TASK BRIEF: Reproduce the records below exactly, but only between the lines holding "proof (rule ccontr)" and "mult_nonneg_nonneg[OF X, of Z]", inclusive.

-*-

lemma exp_remainder_form_nonneg:
  fixes f :: "'i \<Rightarrow> 'b \<Rightarrow> 'a::euclidean_space"
  assumes fin: "finite S" and P: "\<And>i. i \<in> S \<Longrightarrow> prob_space (M i)"
    and mf: "\<And>i. i \<in> S \<Longrightarrow> f i \<in> borel_measurable (M i)"
    and mom: "\<And>i. i \<in> S \<Longrightarrow> integrable (M i) (\<lambda>x. norm (f i x) powr \<alpha>)"
    and cancel: "poly_moments_cancel k M f S c" and k: "real (2 * k) \<le> \<alpha>" and s: "0 < s"
  shows "0 \<le> (-1) ^ (k + 1) * (\<Sum>i\<in>S. \<Sum>j\<in>S. c i * c j *
    (\<integral>p. exp_remainder k (s * norm (f i (fst p) - f j (snd p)) ^ 2) \<partial>(M i \<Otimes>\<^sub>M M j)))"
proof -
  define G where "G = (\<lambda>i j. \<integral>p. exp (- s * norm (f i (fst p) - f j (snd p)) ^ 2) \<partial>(M i \<Otimes>\<^sub>M M j))"
  define Q where "Q = (\<lambda>i j l. \<integral>p. norm (f i (fst p) - f j (snd p)) ^ (2 * l) \<partial>(M i \<Otimes>\<^sub>M M j))"
  have "(\<Sum>i\<in>S. \<Sum>j\<in>S. c i * c j *
      (\<integral>p. exp_remainder k (s * norm (f i (fst p) - f j (snd p)) ^ 2) \<partial>(M i \<Otimes>\<^sub>M M j))) =
      (\<Sum>i\<in>S. \<Sum>j\<in>S. c i * c j * ((-1) ^ (k + 1) * (G i j - (\<Sum>l<k+1. (- s) ^ l / fact l * Q i j l))))"
    unfolding G_def Q_def using s
    by (intro sum.cong refl) (simp add: integral_exp_remainder_expansion[OF P P mf mf mom mom k])
  also have "\<dots> = (-1) ^ (k + 1) * (\<Sum>i\<in>S. \<Sum>j\<in>S. c i * c j * G i j) -
      (-1) ^ (k + 1) * (\<Sum>i\<in>S. \<Sum>j\<in>S. c i * c j * (\<Sum>l<k+1. (- s) ^ l / fact l * Q i j l))"
  proof -
    have distrib: "c i * c j * ((-1) ^ (k + 1) * (G i j - X)) =
        (-1) ^ (k + 1) * (c i * c j * G i j) - (-1) ^ (k + 1) * (c i * c j * X)" for i j and X :: real
      by (simp add: algebra_simps)
    show ?thesis by (simp only: distrib sum_subtractf sum_distrib_left[symmetric])
  qed
  also have "(\<Sum>i\<in>S. \<Sum>j\<in>S. c i * c j * (\<Sum>l<k+1. (- s) ^ l / fact l * Q i j l)) =
      (\<Sum>l<k+1. (- s) ^ l / fact l * (\<Sum>i\<in>S. \<Sum>j\<in>S. c i * c j * Q i j l))"
    by (rule quadratic_sum_linear_combination)
  also have "\<dots> = 0"
    using even_power_form_eq_0[OF fin P mf mom cancel _ k] unfolding Q_def by simp
  finally show ?thesis
    using gauss_kernel_pos_def[OF fin P mf s, where c=c] unfolding G_def
    by (simp add: mult.assoc[symmetric] power_mult_distrib[symmetric])
qed

lemma energy_form_nonneg_not_even:
  fixes f :: "'i \<Rightarrow> 'b \<Rightarrow> 'a::euclidean_space"
  assumes k: "real k < \<alpha> / 2" "\<alpha> / 2 < real k + 1"
    and fin: "finite S" and P: "\<And>i. i \<in> S \<Longrightarrow> prob_space (M i)"
    and mf: "\<And>i. i \<in> S \<Longrightarrow> f i \<in> borel_measurable (M i)"
    and mom: "\<And>i. i \<in> S \<Longrightarrow> integrable (M i) (\<lambda>x. norm (f i x) powr \<alpha>)"
    and cancel: "poly_moments_cancel k M f S c"
  shows "0 \<le> (-1) ^ (k + 1) * energy_form \<alpha> M f S c"
proof -
  define C where "C = enn2real (remainder_const k (\<alpha> / 2))"
  have "0 < C"
    unfolding C_def using remainder_const_pos remainder_const_finite[OF k]
    by (simp add: enn2real_positive_iff)
  define W where "W = (\<lambda>i j. remainder_profile k \<alpha> (M i) (f i) (M j) (f j))"
  note representation = integrable_remainder_profile[OF k P P mf mf mom mom]
    integral_remainder_profile[OF k P P mf mf mom mom]
  have "(-1) ^ (k + 1) * energy_form \<alpha> M f S c * C =
      (-1) ^ (k + 1) * (\<Sum>i\<in>S. \<Sum>j\<in>S. c i * c j * integral\<^sup>L lborel (W i j))"
    unfolding energy_form_def W_def C_def
    by (simp add: representation sum_distrib_left sum_distrib_right mult_ac)
  also have "\<dots> = (\<integral>s. (-1) ^ (k + 1) * (\<Sum>i\<in>S. \<Sum>j\<in>S. c i * c j * W i j s) \<partial>lborel)"
    unfolding W_def using representation by (simp add: Bochner_Integration.integral_sum)
  also have "\<dots> \<ge> 0"
  proof (intro integral_nonneg_AE AE_I2)
    fix s :: real
    show "0 \<le> (-1) ^ (k + 1) * (\<Sum>i\<in>S. \<Sum>j\<in>S. c i * c j * W i j s)"
    proof (cases "0 < s")
      case True
      have eq: "(-1) ^ (k + 1) * (\<Sum>i\<in>S. \<Sum>j\<in>S. c i * c j * W i j s) = s powr (- 1 - \<alpha> / 2) *
          ((-1) ^ (k + 1) * (\<Sum>i\<in>S. \<Sum>j\<in>S. c i * c j *
            (\<integral>p. exp_remainder k (s * norm (f i (fst p) - f j (snd p)) ^ 2) \<partial>(M i \<Otimes>\<^sub>M M j))))"
        unfolding W_def remainder_profile_def using True by (simp add: sum_distrib_left mult_ac)
      have "real (2 * k) \<le> \<alpha>" using k(1) by simp
      from exp_remainder_form_nonneg[OF fin P mf mom cancel this True]
      show ?thesis unfolding eq by (rule mult_nonneg_nonneg[OF powr_ge_zero])
    qed (simp add: W_def remainder_profile_def)
  qed
  finally have "0 * C \<le> (-1) ^ (k + 1) * energy_form \<alpha> M f S c * C" by simp
  then show ?thesis using \<open>0 < C\<close> by (simp only: mult_le_cancel_right_pos)
qed

lemma energy_form_nonneg:
  fixes f :: "'i \<Rightarrow> 'b \<Rightarrow> 'a::euclidean_space"
  assumes "0 < \<alpha>" and fin: "finite S" and P: "\<And>i. i \<in> S \<Longrightarrow> prob_space (M i)"
    and mf: "\<And>i. i \<in> S \<Longrightarrow> f i \<in> borel_measurable (M i)"
    and mom: "\<And>i. i \<in> S \<Longrightarrow> integrable (M i) (\<lambda>x. norm (f i x) powr \<alpha>)"
    and cancel: "poly_moments_cancel (nat \<lfloor>\<alpha> / 2\<rfloor>) M f S c"
  shows "0 \<le> (-1) ^ (nat \<lfloor>\<alpha> / 2\<rfloor> + 1) * energy_form \<alpha> M f S c"
proof -
  define k where "k = nat \<lfloor>\<alpha> / 2\<rfloor>"
  have "real k = real_of_int \<lfloor>\<alpha> / 2\<rfloor>" unfolding k_def using assms(1) by simp
  then have "real k \<le> \<alpha> / 2" "\<alpha> / 2 < real k + 1"
    using of_int_floor_le[of "\<alpha> / 2"] real_of_int_floor_add_one_gt[of "\<alpha> / 2"] by linarith+
  then consider "\<alpha> = 2 * real k" | "real k < \<alpha> / 2" "\<alpha> / 2 < real k + 1"
    by (cases "\<alpha> = 2 * real k") auto
  then show ?thesis
  proof cases
    case 1
    then show ?thesis
      using energy_form_eq_0_even[OF 1 assms(1-5)] cancel unfolding k_def by simp
  next
    case 2
    then show ?thesis
      using energy_form_nonneg_not_even[OF 2 fin P mf mom] cancel unfolding k_def by simp
  qed
qed

section \<open>The energy distance as a seminorm\<close>

definition law_with_moment :: "real \<Rightarrow> 'a::euclidean_space measure \<Rightarrow> bool" where
  "law_with_moment \<alpha> \<mu> \<longleftrightarrow> prob_space \<mu> \<and> sets \<mu> = sets borel \<and> integrable \<mu> (\<lambda>x. norm x powr \<alpha>)"

lemma law_with_momentD:
  assumes "law_with_moment \<alpha> \<mu>"
  shows "prob_space \<mu>" "sets \<mu> = sets borel" "integrable \<mu> (\<lambda>x. norm x powr \<alpha>)"
    "(\<lambda>x. x) \<in> borel_measurable \<mu>"
  using assms measurable_ident_sets[of \<mu> borel] unfolding law_with_moment_def by auto

text \<open>The bilinear form of which \<open>energy_sq\<close> is the quadratic form:
  \<open>energy_inner \<alpha> P Q P' Q'\<close> pairs the signed measures \<open>P - Q\<close> and \<open>P' - Q'\<close>.\<close>
definition energy_inner ::
    "real \<Rightarrow> 'a::euclidean_space measure \<Rightarrow> 'a measure \<Rightarrow> 'a measure \<Rightarrow> 'a measure \<Rightarrow> real" where
  "energy_inner \<alpha> P Q P' Q' = (-1) ^ (nat \<lfloor>\<alpha> / 2\<rfloor> + 1) *
     (energy_int \<alpha> P P' - energy_int \<alpha> P Q' - energy_int \<alpha> Q P' + energy_int \<alpha> Q Q')"

lemma energy_quadratic_nonneg:
  assumes "0 < \<alpha>" and laws: "law_with_moment \<alpha> P" "law_with_moment \<alpha> Q"
      "law_with_moment \<alpha> P'" "law_with_moment \<alpha> Q'"
    and eq: "equal_moments_upto (nat \<lfloor>\<alpha> / 2\<rfloor>) P Q" "equal_moments_upto (nat \<lfloor>\<alpha> / 2\<rfloor>) P' Q'"
  shows "0 \<le> s\<^sup>2 * energy_sq \<alpha> P Q + 2 * s * t * energy_inner \<alpha> P Q P' Q' + t\<^sup>2 * energy_sq \<alpha> P' Q'"
proof -
  define M where "M = (\<lambda>i. [P, Q, P', Q'] ! i)"
  define c where "c = (\<lambda>i. [s, - s, t, - t] ! i)"
  define S where "S = {0, 1, 2, 3::nat}"
  have law: "law_with_moment \<alpha> (M i)" if "i \<in> S" for i
    using that laws unfolding S_def M_def by auto
  note M = law_with_momentD[OF law]
  have "poly_moments_cancel (nat \<lfloor>\<alpha> / 2\<rfloor>) M (\<lambda>_ x. x) S c"
    unfolding poly_moments_cancel_def S_def M_def c_def
    using equal_moments_upto_integral_mpoly[OF eq(1) order.refl]
      equal_moments_upto_integral_mpoly[OF eq(2) order.refl]
    by (simp add: algebra_simps)
  from energy_form_nonneg[OF assms(1) _ M(1) M(4) M(3) this]
  have "0 \<le> (-1) ^ (nat \<lfloor>\<alpha> / 2\<rfloor> + 1) * energy_form \<alpha> M (\<lambda>_ x. x) S c"
    by (simp add: S_def)
  also have "\<dots> = s\<^sup>2 * energy_sq \<alpha> P Q + 2 * s * t * energy_inner \<alpha> P Q P' Q' + t\<^sup>2 * energy_sq \<alpha> P' Q'"
  proof -
    have sym: "energy_int \<alpha> (M j) (M i) = energy_int \<alpha> (M i) (M j)" if "i \<in> S" "j \<in> S" for i j
      using that by (intro energy_int_commute M)
    have form: "energy_form \<alpha> M (\<lambda>_ x. x) S c =
        s\<^sup>2 * (energy_int \<alpha> P P - 2 * energy_int \<alpha> P Q + energy_int \<alpha> Q Q) +
        2 * s * t * (energy_int \<alpha> P P' - energy_int \<alpha> P Q' - energy_int \<alpha> Q P' + energy_int \<alpha> Q Q') +
        t\<^sup>2 * (energy_int \<alpha> P' P' - 2 * energy_int \<alpha> P' Q' + energy_int \<alpha> Q' Q')"
      using sym[of 0 1] sym[of 0 2] sym[of 0 3] sym[of 1 2] sym[of 1 3] sym[of 2 3]
      unfolding energy_form_def energy_int_map_id
      by (simp add: S_def M_def c_def power2_eq_square algebra_simps)
    show ?thesis
      unfolding form energy_sq_def energy_inner_def by (simp add: algebra_simps)
  qed
  finally show ?thesis .
qed

lemma energy_sq_nonneg:
  assumes "0 < \<alpha>" "law_with_moment \<alpha> P" "law_with_moment \<alpha> Q"
    "equal_moments_upto (nat \<lfloor>\<alpha> / 2\<rfloor>) P Q"
  shows "0 \<le> energy_sq \<alpha> P Q"
  using energy_quadratic_nonneg[OF assms(1-3) assms(2-3) assms(4) assms(4), of 1 0] by simp

lemma quadratic_form_cauchy_schwarz:
  fixes X Y Z :: real
  assumes q: "\<And>s t. 0 \<le> s\<^sup>2 * X + 2 * s * t * Z + t\<^sup>2 * Y"
  shows "Z \<le> sqrt X * sqrt Y"
proof (rule ccontr)
  assume "\<not> ?thesis"
  then have Z: "sqrt X * sqrt Y < Z" by simp
  have X: "0 \<le> X" and Y: "0 \<le> Y" using q[of 1 0] q[of 0 1] by simp_all
  consider "X = 0" | "Y = 0" | "0 < X" "0 < Y" using X Y by linarith
  then show False
  proof cases
    case 1
    then have "0 < Z" using Z by simp
    then show False using q[of "(Y + 1) / Z" "- 1"] 1 mult_nonneg_nonneg[OF Y, of Z]
      by (simp add: field_simps power2_eq_square)
  next
    case 2
    then have "0 < Z" using Z by simp
    then show False using q[of "- 1" "(X + 1) / Z"] 2 mult_nonneg_nonneg[OF X, of Z]
      by (simp add: field_simps power2_eq_square)
  next
    case 3
    have "0 \<le> (sqrt Y)\<^sup>2 * X + 2 * sqrt Y * - sqrt X * Z + (- sqrt X)\<^sup>2 * Y" by (rule q)
    also have "\<dots> = 2 * (sqrt X * sqrt Y) * (sqrt X * sqrt Y - Z)"
      using X Y by (simp add: algebra_simps power2_eq_square)
    also have "\<dots> < 0" using 3 Z by (intro mult_pos_neg) auto
    finally show False by simp
  qed
qed

lemma energy_inner_le:
  assumes "0 < \<alpha>" "law_with_moment \<alpha> P" "law_with_moment \<alpha> Q"
    "law_with_moment \<alpha> P'" "law_with_moment \<alpha> Q'"
    "equal_moments_upto (nat \<lfloor>\<alpha> / 2\<rfloor>) P Q" "equal_moments_upto (nat \<lfloor>\<alpha> / 2\<rfloor>) P' Q'"
  shows "energy_inner \<alpha> P Q P' Q' \<le> energy_dist \<alpha> P Q * energy_dist \<alpha> P' Q'"
  unfolding energy_dist_def
  by (rule quadratic_form_cauchy_schwarz) (use energy_quadratic_nonneg[OF assms] in \<open>simp add: mult_ac\<close>)

lemma energy_dist_triangle:
  assumes "0 < \<alpha>" "law_with_moment \<alpha> A" "law_with_moment \<alpha> B" "law_with_moment \<alpha> C"
    "equal_moments_upto (nat \<lfloor>\<alpha> / 2\<rfloor>) A C" "equal_moments_upto (nat \<lfloor>\<alpha> / 2\<rfloor>) C B"
  shows "energy_dist \<alpha> A B \<le> energy_dist \<alpha> A C + energy_dist \<alpha> C B"
proof -
  have nonneg: "0 \<le> energy_sq \<alpha> A C" "0 \<le> energy_sq \<alpha> C B"
    using energy_sq_nonneg[OF assms(1,2,4,5)] energy_sq_nonneg[OF assms(1,4,3,6)] .
  have "energy_sq \<alpha> A B = energy_sq \<alpha> A C + 2 * energy_inner \<alpha> A C C B + energy_sq \<alpha> C B"
    unfolding energy_sq_def energy_inner_def by (simp add: algebra_simps)
  also have "\<dots> \<le> energy_sq \<alpha> A C + 2 * (energy_dist \<alpha> A C * energy_dist \<alpha> C B) + energy_sq \<alpha> C B"
    using energy_inner_le[OF assms(1,2,4,4,3,5,6)] by simp
  also have "\<dots> = (energy_dist \<alpha> A C + energy_dist \<alpha> C B)\<^sup>2"
    unfolding energy_dist_def power2_sum using nonneg by simp
  finally have "sqrt (energy_sq \<alpha> A B) \<le> sqrt ((energy_dist \<alpha> A C + energy_dist \<alpha> C B)\<^sup>2)"
    by (rule real_sqrt_le_mono)
  then show ?thesis
    unfolding energy_dist_def[of \<alpha> A B] using nonneg by (simp add: energy_dist_def)
qed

-*-

RESULT:
proof (rule ccontr)
  assume "\<not> ?thesis"
  then have Z: "sqrt X * sqrt Y < Z" by simp
  have X: "0 \<le> X" and Y: "0 \<le> Y" using q[of 1 0] q[of 0 1] by simp_all
  consider "X = 0" | "Y = 0" | "0 < X" "0 < Y" using X Y by linarith
  then show False
  proof cases
    case 1
    then have "0 < Z" using Z by simp
    then show False using q[of "(Y + 1) / Z" "- 1"] 1 mult_nonneg_nonneg[OF Y, of Z]
      by (simp add: field_simps power2_eq_square)
  next
    case 2
    then have "0 < Z" using Z by simp
    then show False using q[of "- 1" "(X + 1) / Z"] 2 mult_nonneg_nonneg[OF X, of Z]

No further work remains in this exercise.